I've heard so much about "Andy". any chance he could be making a return at some stage?


----------



## pg tips (May 16, 2003)

yeah but Andy was a complete "schitzo"

Still remember him winding up Neil about Russian Omegas :lol:


----------



## MarkF (Jul 5, 2003)

pg tips said:


> Still remember him winding up Neil about Russian Omegas :lol:


Yes, I remember that, I liked NeilC but Andy had him worried for a mo  Andy hounding Paulus about Seikos being good value, poor Paul, Andy just would not let it go....my favourite thread. :lol:


----------



## SharkBike (Apr 15, 2005)

I was thinking Andy at first too...but not nearly as _intelegent_. h34r:

Why do I have a feeling this is only the beginning? :lol:


----------



## sonyman (Feb 9, 2009)

so let me get this straight you think me and hlovett are the same person,Thats stupid we will have totaly different IP addys and email addys etc etc

If anyone does think that I dont know where they got that from but I can asure you its not true.


----------



## mrteatime (Oct 25, 2006)

sonyman said:


> so let me get this straight you think me and hlovett are the same person,Thats stupid we will have totaly different IP addys and email addys etc etc
> 
> If anyone does think that I dont know where they got that from but I can asure you its not true.

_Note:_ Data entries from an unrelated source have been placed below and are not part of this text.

(* Let $c\ge 1$ be an integer and $f(x_1,\dots,x_c)$ a multivariate polynomial with non-negative coefficients that is recursive-dependent and has a positive real fixed point $C$, i.e. $C=f(C,\dots,C)$ with $C>0$. Let $\mathcal{F}=\bigsqcup_{h\ge0}\mathcal{F}_h$ be a combinatorial class decomposed into finite subclasses whose generating functions $F_h(z)$ are non-constant polynomials with non-negative coefficients satisfying \[F_h(z)=f\bigl(F_{h-1}(z),F_{h-2}(z),\dots,F_{h-c}(z)\bigr)\quad\text{for all } h\ge c,\] and for each $h\ge0$ let $\alpha_h$ be the unique positive real solution of $F_h(z)=C$; the limit $\alpha=\lim_{h\to\infty}\alpha_h$ exists. Let $a_n$ be the number of objects of $\mathcal{F}$ of size $n$, i.e. the coefficient of $z^n$ in $F(z)=\sum_{h\ge0}F_h(z)$. Then \[a_n=\alpha^{-n}\,\theta(n)\] for a function $\theta$ growing at most sub-exponentially, i.e. $\theta(n)=o(\kappa^n)$ for every $\kappa>1$.
   Context: The polynomial $f$ is called recursive-dependent if there is a constant $k$ (depending only on $f$) such that for any indices $i,j\ge c$ with $i\ge j+k$, there is a sequence of applications of the recurrence $F_h=f(F_{h-1},\dots,F_{h-c})$ (repeatedly substituting it for terms $F_h$ with $h\ge c$) resulting in a polynomial $P$ with $F_i=P(F_{\ell_1},\dots,F_{\ell_m})$ for some indices $0\le\ell_1<\dots<\ell_m\le i$ such that $\partial P/\partial F_j\neq 0$ (i.e. $F_j$ is among the $F_{\ell_r}$ and $P$ genuinely depends on it). *)

theory Defs
  imports Complex_Main "HOL-Computational_Algebra.Polynomial" "HOL-Library.Landau_Symbols"
begin

text \<open>A multivariate polynomial f(x_1,...,x_c) with real coefficients is represented by its
coefficient function cf on exponent vectors e :: nat => nat (e i = exponent of x_i).\<close>

definition mpoly_wf :: "nat \<Rightarrow> ((nat \<Rightarrow> nat) \<Rightarrow> real) \<Rightarrow> bool" where
  "mpoly_wf c cf \<longleftrightarrow> finite {e. cf e \<noteq> 0} \<and>
     (\<forall>e. cf e \<noteq> 0 \<longrightarrow> (\<forall>i. i \<notin> {1..c} \<longrightarrow> e i = 0))"

definition mpoly_nonneg :: "((nat \<Rightarrow> nat) \<Rightarrow> real) \<Rightarrow> bool" where
  "mpoly_nonneg cf \<longleftrightarrow> (\<forall>e. cf e \<ge> 0)"

definition feval :: "nat \<Rightarrow> ((nat \<Rightarrow> nat) \<Rightarrow> real) \<Rightarrow> (nat \<Rightarrow> real) \<Rightarrow> real" where
  "feval c cf x = (\<Sum>e\<in>{e. cf e \<noteq> 0}. cf e * (\<Prod>i\<in>{1..c}. x i ^ e i))"

text \<open>Expressions obtained from F_i by repeatedly applying the recurrence
F_h = f(F_{h-1},...,F_{h-c}) (h >= c).  An expression is a polynomial function of the
variables F_0, F_1, ...; a valuation is x :: nat => real (x l = value of F_l).\<close>

inductive expansion :: "nat \<Rightarrow> ((nat \<Rightarrow> nat) \<Rightarrow> real) \<Rightarrow> nat \<Rightarrow> ((nat \<Rightarrow> real) \<Rightarrow> real) \<Rightarrow> bool"
  for c cf i where
  start: "expansion c cf i (\<lambda>x. x i)"
| subst: "expansion c cf i P \<Longrightarrow> h \<ge> c \<Longrightarrow>
     expansion c cf i (\<lambda>x. P (x(h := feval c cf (\<lambda>a. x (h - a)))))"

text \<open>P genuinely depends on F_j (i.e. dP/dF_j is not the zero polynomial).\<close>
definition depends_on :: "((nat \<Rightarrow> real) \<Rightarrow> real) \<Rightarrow> nat \<Rightarrow> bool" where
  "depends_on P j \<longleftrightarrow> (\<exists>x t. P (x(j := t)) \<noteq> P x)"

definition recursive_dependent :: "nat \<Rightarrow> ((nat \<Rightarrow> nat) \<Rightarrow> real) \<Rightarrow> bool" where
  "recursive_dependent c cf \<longleftrightarrow>
     (\<exists>k::nat. \<forall>i j. j \<ge> c \<longrightarrow> i \<ge> j + k \<longrightarrow>
        (\<exists>P. expansion c cf i P \<and> depends_on P j))"

end

theory Submission imports Defs begin

text \<open>Since every F_h has non-negative integer coefficients and only finitely many F_h
have a non-zero coefficient in any given degree, comparing lowest-order terms in the
recurrence shows that f has neither a constant nor a linear monomial. Hence f is quadratically
small near 0, so for a small z > 0 the values F_h(z) decay geometrically in h. This yields
\<alpha> \<ge> z > 0 and shows that the objects of size n lie in only O(n) of the classes F_h. Each
of these classes contributes at most C \<alpha>_h^-n objects and \<alpha>_h \<rightarrow> \<alpha>, so a_n \<alpha>^n grows
subexponentially.\<close>

lemma coeff_mult_power_le_poly:
  fixes p :: "real poly"
  assumes nonneg: "\<And>k. 0 \<le> coeff p k" and z: "0 \<le> z"
  shows "coeff p n * z ^ n \<le> poly p z"
proof (cases "n \<le> degree p")
  case True
  have "coeff p n * z ^ n \<le> (\<Sum>i\<le>degree p. coeff p i * z ^ i)"
    by (rule member_le_sum) (use True nonneg z in auto)
  then show ?thesis by (simp add: poly_altdef)
next
  case False
  then have "coeff p n = 0" by (simp add: coeff_eq_0)
  moreover have "0 \<le> (\<Sum>i\<le>degree p. coeff p i * z ^ i)"
    by (rule sum_nonneg) (use nonneg z in auto)
  ultimately show ?thesis by (simp add: poly_altdef)
qed

lemma poly_nonneg_of_nonneg_coeffs:
  fixes p :: "real poly"
  assumes "\<And>k. 0 \<le> coeff p k" and "0 \<le> z"
  shows "0 \<le> poly p z"
  unfolding poly_altdef by (rule sum_nonneg) (use assms in auto)

lemma poly_mono_of_nonneg_coeffs:
  fixes p :: "real poly"
  assumes "\<And>k. 0 \<le> coeff p k" and "0 \<le> x" "x \<le> y"
  shows "poly p x \<le> poly p y"
  unfolding poly_altdef
  by (rule sum_mono) (use assms in \<open>auto intro!: mult_left_mono power_mono\<close>)

lemma poly_le_poly_one_mult_power:
  fixes p :: "real poly"
  assumes nonneg: "\<And>k. 0 \<le> coeff p k" and low: "\<And>k. k < v \<Longrightarrow> coeff p k = 0"
    and z: "0 \<le> z" "z \<le> 1"
  shows "poly p z \<le> poly p 1 * z ^ v"
proof -
  have "poly p z = (\<Sum>i\<le>degree p. coeff p i * z ^ i)" by (simp add: poly_altdef)
  also have "\<dots> \<le> (\<Sum>i\<le>degree p. coeff p i * z ^ v)"
  proof (rule sum_mono)
    fix i
    show "coeff p i * z ^ i \<le> coeff p i * z ^ v"
    proof (cases "i < v")
      case False
      then have "z ^ i \<le> z ^ v" using z by (intro power_decreasing) auto
      then show ?thesis using nonneg by (intro mult_left_mono) auto
    qed (use low in simp)
  qed
  also have "\<dots> = poly p 1 * z ^ v" by (simp add: poly_altdef sum_distrib_right)
  finally show ?thesis .
qed

definition lowest_degree :: "'a::zero poly \<Rightarrow> nat" where
  "lowest_degree p = (LEAST n. coeff p n \<noteq> 0)"

lemma coeff_lowest_degree_neq_0: "p \<noteq> 0 \<Longrightarrow> coeff p (lowest_degree p) \<noteq> 0"
  unfolding lowest_degree_def by (rule LeastI_ex) (auto simp: poly_eq_iff)

lemma coeff_less_lowest_degree: "n < lowest_degree p \<Longrightarrow> coeff p n = 0"
  unfolding lowest_degree_def using not_less_Least by blast

lemma monomial_le_feval:
  assumes "mpoly_wf c cf" and "mpoly_nonneg cf" and "\<And>i. 0 \<le> x i" and "cf e \<noteq> 0"
  shows "cf e * (\<Prod>i\<in>{1..c}. x i ^ e i) \<le> feval c cf x"
  unfolding feval_def
  by (rule member_le_sum)
    (use assms in \<open>auto simp: mpoly_wf_def mpoly_nonneg_def intro!: mult_nonneg_nonneg prod_nonneg\<close>)

lemma feval_nonneg:
  assumes "mpoly_nonneg cf" and "\<And>i. 0 \<le> x i"
  shows "0 \<le> feval c cf x"
  unfolding feval_def
  by (rule sum_nonneg) (use assms in \<open>auto simp: mpoly_nonneg_def intro!: mult_nonneg_nonneg prod_nonneg\<close>)

lemma feval_le_feval_one_mult_square:
  assumes "mpoly_nonneg cf"
    and x: "\<And>i. i \<in> {1..c} \<Longrightarrow> 0 \<le> x i \<and> x i \<le> M" and M: "0 \<le> M" "M \<le> 1"
    and quadratic: "\<And>e. cf e \<noteq> 0 \<Longrightarrow> 2 \<le> (\<Sum>i\<in>{1..c}. e i)"
  shows "feval c cf x \<le> feval c cf (\<lambda>_. 1) * M\<^sup>2"
  unfolding feval_def power_one prod.neutral_const mult_1_right sum_distrib_right
proof (rule sum_mono)
  fix e assume "e \<in> {e. cf e \<noteq> 0}"
  have "(\<Prod>i\<in>{1..c}. x i ^ e i) \<le> (\<Prod>i\<in>{1..c}. M ^ e i)"
    by (rule prod_mono) (use x in \<open>auto intro: power_mono\<close>)
  also have "\<dots> = M ^ (\<Sum>i\<in>{1..c}. e i)" by (simp add: power_sum)
  also have "\<dots> \<le> M\<^sup>2" using quadratic \<open>e \<in> _\<close> M by (intro power_decreasing) auto
  finally show "cf e * (\<Prod>i\<in>{1..c}. x i ^ e i) \<le> cf e * M\<^sup>2"
    using \<open>mpoly_nonneg cf\<close> by (intro mult_left_mono) (auto simp: mpoly_nonneg_def)
qed

lemma mpoly_monomial_degree_ge_2:
  assumes wf: "mpoly_wf c cf" and no_const: "cf (\<lambda>_. 0) = 0"
    and no_linear: "\<And>i. i \<in> {1..c} \<Longrightarrow> cf (\<lambda>j. if j = i then 1 else 0) = 0"
    and e: "cf e \<noteq> 0"
  shows "2 \<le> (\<Sum>i\<in>{1..c}. e i)"
proof (rule ccontr)
  have outside: "e j = 0" if "j \<notin> {1..c}" for j using wf e that by (auto simp: mpoly_wf_def)
  assume "\<not> 2 \<le> (\<Sum>i\<in>{1..c}. e i)"
  then consider "(\<Sum>i\<in>{1..c}. e i) = 0" | "(\<Sum>i\<in>{1..c}. e i) = 1" by linarith
  then show False
  proof cases
    case 1
    then have "e = (\<lambda>_. 0)" using outside by (auto simp: fun_eq_iff)
    then show False using e no_const by simp
  next
    case 2
    then obtain i where "i \<in> {1..c}" "e i = 1" and others: "\<forall>j\<in>{1..c}. j \<noteq> i \<longrightarrow> e j = 0"
      using 2 sum_eq_1_iff[of "{1..c}" e] by auto
    then have "e = (\<lambda>j. if j = i then 1 else 0)" using outside by (auto simp: fun_eq_iff)
    then show False using e no_linear \<open>i \<in> {1..c}\<close> by simp
  qed
qed

lemma linear_times_power_smallo:
  fixes A B \<rho> \<kappa> :: real
  assumes "0 \<le> \<rho>" "\<rho> < \<kappa>"
  shows "(\<lambda>n. (A + B * real n) * \<rho> ^ n) \<in> o(\<lambda>n. \<kappa> ^ n)"
proof (rule smalloI_tendsto)
  have r: "norm (\<rho> / \<kappa>) < 1" using assms by simp
  have "(\<lambda>n. A * (\<rho> / \<kappa>) ^ n + B * (real n * (\<rho> / \<kappa>) ^ n)) \<longlonglongrightarrow> A * 0 + B * 0"
    by (intro tendsto_intros LIMSEQ_power_zero powser_times_n_limit_0 r)
  moreover have "(A + B * real n) * \<rho> ^ n / \<kappa> ^ n
      = A * (\<rho> / \<kappa>) ^ n + B * (real n * (\<rho> / \<kappa>) ^ n)" for n
    by (simp add: power_divide ring_distribs add_divide_distrib)
  ultimately show "(\<lambda>n. (A + B * real n) * \<rho> ^ n / \<kappa> ^ n) \<longlonglongrightarrow> 0"
    by simp
qed (use assms in simp)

there not talking about you dude......

aint paranoia great......


----------



## sonyman (Feb 9, 2009)

I am not paranoid its just everyone is out to get me :tongue2: :tongue2:


----------



## Stan (Aug 7, 2003)

MarkF said:


> at RLT this week. I had no prior warning, what gives man? :huh:


Dunno, I can't tell any difference. h34r:


----------



## pg tips (May 16, 2003)

sonyman said:


> Thats stupid we will have totaly different IP addys and email addys etc etc


At one point we think Andy had up to 5 different IP's and probably 15 different user names 

He couldn't resist telling us who he was sooner or later though.


----------



## Stan (Aug 7, 2003)

pg tips said:


> sonyman said:
> 
> 
> > Thats stupid we will have totaly different IP addys and email addys etc etc
> ...


His best nicknames were "Takahashi" were he got his Japanese prefectures and provinces mixed up, and "cruiseboy" where some nasty people questioned his sexuality.







h34r:

He was funny, in a sad sort of way.


----------



## sonyman (Feb 9, 2009)

who s this andy guy then and what is his story please tell all


----------



## Parabola (Aug 1, 2007)

Things definitely aren't what they were


----------



## jasonm (Nov 22, 2003)

Parabola said:


> Things definitely aren't what they were


Thats for sure......


----------



## break-3 (Oct 2, 2008)

potz said:


> Yeah :lol: good old Takahashi


That's genius. What a twat. :lol:


----------



## Robert (Jul 26, 2006)

mjolnir said:


> rubber wallpaper


Need to remember that :lol: Never heard that expression before


----------



## James (Jul 17, 2006)




----------



## AbingtonLad (Sep 8, 2008)

James said:


>


Ah, the famous Sun headline about a mental health patient who has his way with the employees of a launderette...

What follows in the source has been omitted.